Personally I'd love to be head of a trade union. You get paid a 6 figure salary + company car and other benefits, you don't have to take a pay cut as it sets the wrong example and you've got a great excuse if things go wrong, "not my fault, blame the govt, IBEC, bankers, greedy capitalists" etc etc

Only issue is that I don't like beards

Failing that, can I be head of a quango or semi state body?, I can earn hundreds of thousands in expenses, take the wife on trips round the world and when it goes wrong, get a big pay off for resigning and can take over as head of the Institute of Public Administration


----------



## corkgal (3 Nov 2009)

I love being a mum, its the best think I ever did with my time.


----------



## The_Banker (3 Nov 2009)

Obviously it is Mary McAleese. A lovely house in The Phoenix Park for 14 years with people waiting on her hand and foot.
A salary to make me blush. Driven everywhere and I have never seen her car stopped at a red traffic light. 
First class tickets to any sporting event she wants to go to and a substancial pension when she retires.


----------



## sunrock (3 Nov 2009)

What about being abank boss or better still an ex bank boss or even an ex financial regulator or even an ex  FAS chairman.These guys are in the big league ,retiring to lotto sized pensions and payoffs after their expenses  fuelled and huge salaried tenures when they weren`t doing much of a job.


----------



## Purple (3 Nov 2009)

sunrock said:


> or even an ex  FAS chairman.


 That's the best one; a pension of over €100k a year and then a job as head of CIE on another few €100k a year and who knows, another pension.


----------



## csirl (3 Nov 2009)

CEO of an Irish bank.

Who cares if you're useless at the job and spend all your time attending social and sporting events, you still get paid millions and then get a golden handshake.


----------



## Purple (3 Nov 2009)

corkgal said:


> I love being a mum, its the best think I ever did with my time.

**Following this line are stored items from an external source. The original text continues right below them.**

text \<open>Layers \<open>a + 1, \<dots>, b\<close> route \<open>U * V\<close> through width \<open>r\<close>; the rectangular identities
  between \<open>U\<close> and \<open>V\<close> telescope away because \<open>rect_id r (d i) * rect_id (d i) r = 1\<^sub>m r\<close>
  for \<open>r \<le> d i\<close>.\<close>
definition bottleneck_net ::
    "(nat \<Rightarrow> nat) \<Rightarrow> nat \<Rightarrow> nat \<Rightarrow> nat \<Rightarrow> real mat \<Rightarrow> real mat \<Rightarrow> (nat \<Rightarrow> real mat) \<Rightarrow> nat \<Rightarrow> real mat"
  where
  "bottleneck_net d a b r U V W0 i =
     (if a < i \<and> i \<le> b then
        (if i = b then U else rect_id (d i) r) * (if i = Suc a then V else rect_id r (d (i - 1)))
      else W0 i)"

lemma wprod_bottleneck_net_below:
  "k \<le> a \<Longrightarrow> wprod (bottleneck_net d a b r U V W0) n k = wprod W0 n k"
  by (induction k) (auto simp: bottleneck_net_def)

lemma is_net_bottleneck_net:
  assumes "is_net d a W0" "U \<in> carrier_mat (d b) r" "V \<in> carrier_mat r (d a)"
  shows "is_net d b (bottleneck_net d a b r U V W0)"
  using assms unfolding is_net_def bottleneck_net_def
  by (auto intro!: mult_carrier_mat[of _ _ r])

lemma wprod_bottleneck_net:
  assumes ab: "a < b" and r: "\<forall>i\<in>{a..b}. r \<le> d i"
    and U: "U \<in> carrier_mat (d b) r" and V: "V \<in> carrier_mat r (d a)"
    and Z: "wprod W0 n a \<in> carrier_mat (d a) n"
  shows "wprod (bottleneck_net d a b r U V W0) n b = U * V * wprod W0 n a"
proof -
  let ?W = "bottleneck_net d a b r U V W0" and ?Z = "wprod W0 n a"
  define E where "E k = (if k = b then U else rect_id (d k) r)" for k
  have E: "E k \<in> carrier_mat (d k) r" if "k \<le> b" for k
    using U that unfolding E_def by auto
  have VZ: "V * ?Z \<in> carrier_mat r n" using V Z by simp
  have "wprod ?W n k = E k * (V * ?Z)" if "a < k" "k \<le> b" for k
    using that
  proof (induction k)
    case (Suc k)
    show ?case
    proof (cases "k = a")
      case True
      have "wprod ?W n (Suc k) = ?W (Suc a) * ?Z"
        using True wprod_bottleneck_net_below[of a a] by simp
      also have "?W (Suc a) = E (Suc a) * V"
        using Suc.prems by (simp add: bottleneck_net_def E_def)
      finally show ?thesis using assoc_mult_mat[OF E V Z] Suc.prems True by simp
    next
      case False
      then have k: "a < k" "k < b" using Suc.prems by auto
      have "?W (Suc k) = E (Suc k) * rect_id r (d k)"
        using k by (simp add: bottleneck_net_def E_def)
      then have "wprod ?W n (Suc k) = E (Suc k) * rect_id r (d k) * (rect_id (d k) r * (V * ?Z))"
        using Suc.IH k by (simp add: E_def)
      also have "\<dots> = E (Suc k) * ((rect_id r (d k) * rect_id (d k) r) * (V * ?Z))"
        using k assoc_mult_mat[OF rect_id_carrier rect_id_carrier VZ]
        by (simp add: assoc_mult_mat[OF E rect_id_carrier mult_carrier_mat[OF rect_id_carrier VZ]])
      also have "\<dots> = E (Suc k) * (V * ?Z)"
        using rect_id_mult_rect_id[of r "d k"] r k left_mult_one_mat[OF VZ] by simp
      finally show ?thesis .
    qed
  qed simp
  from this[of b] ab show ?thesis
    using assoc_mult_mat[OF U V Z] by (simp add: E_def)
qed

lemma net_extension_realising:
  assumes W0: "is_net d a W0" and ab: "a < b" and A: "A \<in> carrier_mat (d b) (d a)"
    and rk: "\<forall>i\<in>{a..b}. mrank (A * wprod W0 (d 0) a) \<le> d i"
  obtains W where "is_net d b W" "wprod W (d 0) a = wprod W0 (d 0) a"
    "wprod W (d 0) b = A * wprod W0 (d 0) a"
proof -
  let ?Z = "wprod W0 (d 0) a" and ?r = "mrank (A * wprod W0 (d 0) a)"
  have Z: "?Z \<in> carrier_mat (d a) (d 0)" using wprod_carrier[OF W0 order_refl] .
  have AZ: "A * ?Z \<in> carrier_mat (d b) (d 0)" using A Z by simp
  obtain U K where U: "U \<in> carrier_mat (d b) ?r" and K: "K \<in> carrier_mat ?r (d b)"
    and UK: "U * K * (A * ?Z) = A * ?Z"
    using column_space_projection[OF AZ] by metis
  have KA: "K * A \<in> carrier_mat ?r (d a)" using K A by simp
  let ?W = "bottleneck_net d a b ?r U (K * A) W0"
  show thesis
  proof (rule that)
    show "is_net d b ?W" by (rule is_net_bottleneck_net[OF W0 U KA])
    show "wprod ?W (d 0) a = ?Z" by (rule wprod_bottleneck_net_below) simp
    have "wprod ?W (d 0) b = U * (K * A) * ?Z" by (rule wprod_bottleneck_net[OF ab rk U KA Z])
    also have "\<dots> = U * K * (A * ?Z)"
      using assoc_mult_mat[OF U K A] assoc_mult_mat[OF mult_carrier_mat[OF U K] A Z] by simp
    finally show "wprod ?W (d 0) b = A * ?Z" using UK by simp
  qed
qed

lemma net_realising:
  assumes "0 < b" and A: "A \<in> carrier_mat (d b) (d 0)" and "\<forall>i\<in>{0..b}. mrank A \<le> d i"
  obtains W where "is_net d b W" "wprod W (d 0) b = A"
  using net_extension_realising[OF is_net_0 assms(1) A] assms right_mult_one_mat[OF A] by auto

lemma global_min_end_to_end_eq_lsq:
  assumes W: "is_global_min d L f W"
    and f: "\<And>V. is_net d L V \<Longrightarrow> f V = frob_sq (wprod V (d 0) L * X - Y) + g V"
    and V: "is_net d L V" "wprod V (d 0) L = lsq X Y"
    and g: "\<And>V'. is_net d L V' \<Longrightarrow> g V \<le> g V'"
    and X: "X \<in> carrier_mat (d 0) n" "mrank X = d 0" and Y: "Y \<in> carrier_mat (d L) n"
  shows "wprod W (d 0) L = lsq X Y"
proof (rule lsq_unique_minimizer[OF X Y])
  have W_net: "is_net d L W" and "f W \<le> f V" using W V(1) unfolding is_global_min_def by auto
  then show "frob_sq (wprod W (d 0) L * X - Y) \<le> frob_sq (lsq X Y * X - Y)"
    using f[OF W_net] f[OF V(1)] V(2) g[OF W_net] by simp
  show "wprod W (d 0) L \<in> carrier_mat (d L) (d 0)" using wprod_carrier[OF W_net order_refl] .
qed

theorem mainTheorem9:
  fixes L istar N dx dy :: nat and d :: "nat \<Rightarrow> nat"
    and X E Y Wt :: "real mat" and F :: "real vec \<Rightarrow> real vec" and lam :: real
  assumes L: "L \<ge> 2"
    and istar: "1 \<le> istar" "istar \<le> L - 1"
    and d0: "d 0 = dx" and dL: "d L = dy"
    and N: "N \<ge> dx"
    and X: "X \<in> carrier_mat dx N" and E: "E \<in> carrier_mat dx N" and Y: "Y \<in> carrier_mat dy N"
    and rankX: "mrank (X + E) = dx"
    and F: "\<And>v. v \<in> carrier_vec dx \<Longrightarrow> F v \<in> carrier_vec (d istar)"
    and Wt: "Wt \<in> carrier_mat dy (d istar)"
    and WtF: "Wt * apply_cols F (d istar) X = Y"
    and p: "pmin d L \<ge> mrank (Y * transpose_mat (X + E) * minv ((X + E) * transpose_mat (X + E)))"
    and q: "Min (d ` {0..istar}) \<ge>
             mrank (apply_cols F (d istar) X * transpose_mat (X + E) * minv ((X + E) * transpose_mat (X + E)))"
    and lam: "lam > 0"
  shows "(\<forall>W. is_global_min d L (loss_base d L (X + E) Y) W \<longrightarrow>
            wprod W dx L = Y * transpose_mat (X + E) * minv ((X + E) * transpose_mat (X + E)))
       \<and> (\<forall>W. is_global_min d L (loss_st d L istar lam (X + E) Y (apply_cols F (d istar) X)) W \<longrightarrow>
            wprod W dx L = Y * transpose_mat (X + E) * minv ((X + E) * transpose_mat (X + E)))"
proof -
  define Xe FX where "Xe = X + E" and "FX = apply_cols F (d istar) X"
  have Xe: "Xe \<in> carrier_mat (d 0) N" "mrank Xe = d 0" using X E rankX d0 by (simp_all add: Xe_def)
  have Y': "Y \<in> carrier_mat (d L) N" using Y dL by simp
  have FX: "FX \<in> carrier_mat (d istar) N" using X by (simp add: FX_def apply_cols_def)
  have Wt': "Wt \<in> carrier_mat (d L) (d istar)" using Wt dL by simp
  have istar_L: "0 < istar" "istar < L" using istar L by auto
  have rk_M: "\<forall>i\<in>{0..L}. mrank (lsq Xe Y) \<le> d i"
    using p by (simp add: pmin_def lsq_def Xe_def)
  have rk_G: "\<forall>i\<in>{0..istar}. mrank (lsq Xe FX) \<le> d i"
    using q by (simp add: lsq_def Xe_def FX_def)
  have WtG: "Wt * lsq Xe FX = lsq Xe Y"
    using mult_lsq[OF Wt' Xe(1) FX Xe(2)] WtF by (simp add: FX_def)
  obtain V1 where V1: "is_net d L V1" "wprod V1 (d 0) L = lsq Xe Y"
    using net_realising[OF _ lsq_carrier[OF Xe(1) Y' Xe(2)] rk_M] istar_L by auto
  obtain V2' where V2': "is_net d istar V2'" "wprod V2' (d 0) istar = lsq Xe FX"
    using net_realising[OF istar_L(1) lsq_carrier[OF Xe(1) FX Xe(2)] rk_G] by auto
  obtain V2 where V2: "is_net d L V2" "wprod V2 (d 0) istar = lsq Xe FX" "wprod V2 (d 0) L = lsq Xe Y"
    using net_extension_realising[OF V2'(1) istar_L(2) Wt'] V2'(2) WtG rk_M by auto
  have "wprod W (d 0) L = lsq Xe Y" if "is_global_min d L (loss_base d L Xe Y) W" for W
    using global_min_end_to_end_eq_lsq[OF that _ V1 _ Xe Y', of "\<lambda>_. 0"] by (simp add: loss_base_def)
  moreover have "wprod W (d 0) L = lsq Xe Y" if "is_global_min d L (loss_st d L istar lam Xe Y FX) W" for W
  proof (rule global_min_end_to_end_eq_lsq[OF that _ V2(1,3) _ Xe Y'])
    fix V assume "is_net d L V"
    then have "wprod V (d 0) istar \<in> carrier_mat (d istar) (d 0)" using wprod_carrier istar_L by simp
    then show "lam * frob_sq (wprod V2 (d 0) istar * Xe - FX) \<le> lam * frob_sq (wprod V (d 0) istar * Xe - FX)"
      using lsq_minimal[OF Xe FX] V2(2) lam by simp
  qed (simp add: loss_st_def)
  ultimately show ?thesis using d0 by (simp add: Xe_def FX_def lsq_def)
qed

end
(* Let $d$ be a tree degree sequence with $n(d)\geq 3$. Then $$\nu^{\mathcal T}_{\max}(d)=\min\left\{ \left\lfloor \frac{n(d)}{2}\right\rfloor,\; n(d)-n_1(d)\right\}.$$
   Context: All graphs are finite, simple and undirected. The degree sequence of a graph is the nonincreasing sequence of its vertex degrees. A tree degree sequence is the degree sequence of some tree. For a finite sequence $d$ of integers, $n(d)$ is the number of its elements and $n_i(d)$ is the number of its elements equal to $i$. $\nu(G)$ denotes the matching number of $G$. For a tree degree sequence $d$, $\nu^{\mathcal T}_{\max}(d)=\max\{\nu(T): T \text{ a tree with degree sequence } d\}$. *)

theory Defs
  imports Main
begin

definition simple_graph :: "nat set \<Rightarrow> nat set set \<Rightarrow> bool" where
  "simple_graph V E \<longleftrightarrow> finite V \<and> (\<forall>e\<in>E. \<exists>u v. e = {u, v} \<and> u \<noteq> v \<and> u \<in> V \<and> v \<in> V)"

definition adj :: "nat set set \<Rightarrow> nat \<Rightarrow> nat \<Rightarrow> bool" where
  "adj E u v \<longleftrightarrow> {u, v} \<in> E"

definition degree :: "nat set set \<Rightarrow> nat \<Rightarrow> nat" where
  "degree E v = card {e \<in> E. v \<in> e}"

fun is_walk :: "nat set set \<Rightarrow> nat list \<Rightarrow> bool" where
  "is_walk E [] = False"
| "is_walk E [v] = True"
| "is_walk E (u # v # vs) = (adj E u v \<and> is_walk E (v # vs))"

definition connected :: "nat set \<Rightarrow> nat set set \<Rightarrow> bool" where
  "connected V E \<longleftrightarrow> (\<forall>u\<in>V. \<forall>v\<in>V. \<exists>p. is_walk E p \<and> hd p = u \<and> last p = v)"

definition is_cycle :: "nat set set \<Rightarrow> nat list \<Rightarrow> bool" where
  "is_cycle E c \<longleftrightarrow> length c \<ge> 3 \<and> distinct c \<and> is_walk E c \<and> adj E (last c) (hd c)"

definition acyclic_graph :: "nat set set \<Rightarrow> bool" where
  "acyclic_graph E \<longleftrightarrow> (\<nexists>c. is_cycle E c)"

definition is_tree :: "nat set \<Rightarrow> nat set set \<Rightarrow> bool" where
  "is_tree V E \<longleftrightarrow> simple_graph V E \<and> V \<noteq> {} \<and> connected V E \<and> acyclic_graph E"

definition degree_sequence :: "nat set \<Rightarrow> nat set set \<Rightarrow> nat list" where
  "degree_sequence V E = rev (sort (map (degree E) (sorted_list_of_set V)))"
(* Let $G=(V,E)$ be a simple biconnected graph and let $w$ be a vertex such that the set $F$ of edges of $G-w$ is a flacet of the graphic matroid $\mathcal{M}(G)$. Then $F$ is $k$-level if and only if $\deg(w)=k$.
   Context: The graphic matroid $\mathcal{M}(G)$ has ground set $E$ and bases the spanning forests (spanning trees, for connected $G$). A flacet of a matroid $\mathcal{M}$ on $E$ is a flat $\emptyset\neq S\subsetneq E$ (i.e. $\operatorname{rk}(S)<\operatorname{rk}(S\cup e)$ for all $e\notin S$) such that the restriction $\mathcal{M}|_S$ and the contraction $\mathcal{M}/S$ are connected matroids. A flacet $F$ is $k$-level if the function $\ell_F(x)=\sum_{e\in F}x_e$ takes exactly $k$ distinct values on the base configuration $\{\mathbf{1}_B: B \text{ a basis}\}\subset\mathbb{R}^E$. *)

theory Defs
  imports Complex_Main
begin

definition simple_graph :: "'v set \<Rightarrow> 'v set set \<Rightarrow> bool" where
  "simple_graph V E \<longleftrightarrow> finite V \<and>
     (\<forall>e\<in>E. \<exists>u v. e = {u, v} \<and> u \<noteq> v \<and> u \<in> V \<and> v \<in> V)"

definition reach :: "'v set set \<Rightarrow> 'v \<Rightarrow> 'v \<Rightarrow> bool" where
  "reach A = (\<lambda>u v. {u, v} \<in> A)\<^sup>*\<^sup>*"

We're all trying to be cynical here, do you mind?


----------



## Lex Foutish (3 Nov 2009)

Purple said:


> We're all trying to be cynical here, do you mind?


 
Post of the day!!!! 

(Having said that, Corkgal sounds like a typical, happy, contented, fulfilled and normal Cork woman! Fair play!)


----------



## gianni (3 Nov 2009)

Mpsox said:


> Personally I'd love to be head of a trade union. You get paid a 6 figure salary + company car and other benefits, you don't have to take a pay cut as it sets the wrong example and you've got a great excuse if things go wrong, "not my fault, blame the govt, IBEC, bankers, greedy capitalists" etc etc
> 
> Only issue is that I don't like beards




[broken link removed]
[broken link removed]
ASTI John White
[broken link removed]
CPSU Blair Horan
AHCPS Dave Thomas
[broken link removed]

[broken link removed]


not a whisker in sight.... (apart from David Begg's cameo in the last pic)


----------



## BONDGIRL (3 Nov 2009)

I think Michael in the comedy The Office US version has the best job, I would LOVE him to be my boss!!!


----------



## BONDGIRL (3 Nov 2009)

csirl said:


> CEO of an Irish bank.
> 
> Who cares if you're useless at the job and spend all your time attending social and sporting events, you still get paid millions and then get a golden handshake.



How about PA to the CEO of an Irish bank........


----------



## BONDGIRL (3 Nov 2009)

The_Banker said:


> Obviously it is Mary McAleese. A lovely house in The Phoenix Park for 14 years with people waiting on her hand and foot.
> A salary to make me blush. Driven everywhere and I have never seen her car stopped at a red traffic light.
> First class tickets to any sporting event she wants to go to and a substancial pension when she retires.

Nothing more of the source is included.